====== EXCERPTED RECORDS

theorem mainTheorem3:
  fixes E r \<sigma> \<gamma> :: real
  assumes "E > 0" and "r > 0" and "\<sigma> > 0"
    and "\<gamma> = 2 * r / \<sigma>^2"
    and "\<gamma> \<ge> gamma0"
  shows "(\<forall>\<zeta>>0. f2star \<zeta> \<gamma> \<in> {0..pi})
    \<and> (\<forall>\<tau>>0. rho_zhu E \<sigma> \<gamma> differentiable (at \<tau>)
          \<and> deriv (rho_zhu E \<sigma> \<gamma>) differentiable (at \<tau>)
          \<and> deriv (deriv (rho_zhu E \<sigma> \<gamma>)) \<tau> > 0)
    \<and> convex_on {0<..} (rho_zhu E \<sigma> \<gamma>)"
proof -
  let ?\<rho> = "rho_zhu E \<sigma> \<gamma>"
  have \<gamma>: "\<gamma> > 0" using assms(2-4) by simp
  have phase: "\<forall>\<zeta>>0. f2star \<zeta> \<gamma> \<in> {0..pi}"
    using f2star_pos[OF \<gamma>] f2star_le_pi_above_gamma0[OF \<gamma> assms(5)] by (auto intro: less_imp_le)
  have diff: "?\<rho> differentiable (at \<tau>)" "deriv ?\<rho> differentiable (at \<tau>)"
    and deriv1: "(?\<rho> has_real_derivative deriv ?\<rho> \<tau>) (at \<tau>)"
    and deriv2: "(deriv ?\<rho> has_real_derivative deriv (deriv ?\<rho>) \<tau>) (at \<tau>)"
    and convex_deriv: "deriv (deriv ?\<rho>) \<tau> > 0" if \<tau>: "\<tau> > 0" for \<tau>
  proof -
    note d1 = rho_zhu_derivatives(1)[OF assms(3) \<gamma> \<tau>, of E]
      and d2 = rho_zhu_derivatives(2)[OF assms(3) \<gamma> \<tau>, of E]
    show "?\<rho> differentiable (at \<tau>)" "deriv ?\<rho> differentiable (at \<tau>)"
      using d1 d2 real_differentiable_def by blast+
    show "(?\<rho> has_real_derivative deriv ?\<rho> \<tau>) (at \<tau>)"
      unfolding DERIV_imp_deriv[OF d1] by (rule d1)
    show "(deriv ?\<rho> has_real_derivative deriv (deriv ?\<rho>) \<tau>) (at \<tau>)"
      unfolding DERIV_imp_deriv[OF d2] by (rule d2)
    have "0 < gauss_laplace (\<lambda>z. ((zhu_a \<gamma>)^2 + z^2)^2 * zhu_kernel \<gamma> z) ((zhu_a \<gamma>)^2) (\<sigma>^2 / 2 * \<tau>)"
      using assms(3) \<tau> by (intro zhu_kernel_second_moment_pos[OF \<gamma> _ phase]) simp
    then show "deriv (deriv ?\<rho>) \<tau> > 0"
      unfolding DERIV_imp_deriv[OF d2] using assms(1,3) by simp
  qed
  have "convex_on {0<..} ?\<rho>"
    by (rule f''_ge0_imp_convex[of _ _ "deriv ?\<rho>" "deriv (deriv ?\<rho>)"])
      (simp_all add: deriv1 deriv2 convex_deriv less_imp_le)
  then show ?thesis using phase diff convex_deriv by blast
qed

end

============

» EXERCISE: Each line of the entries above that contains "rule" must be copied into the answer.

» WRITTEN REPLY:
      unfolding DERIV_imp_deriv[OF d1] by (rule d1)
      unfolding DERIV_imp_deriv[OF d2] by (rule d2)
    by (rule f''_ge0_imp_convex[of _ _ "deriv ?\<rho>" "deriv (deriv ?\<rho>)"])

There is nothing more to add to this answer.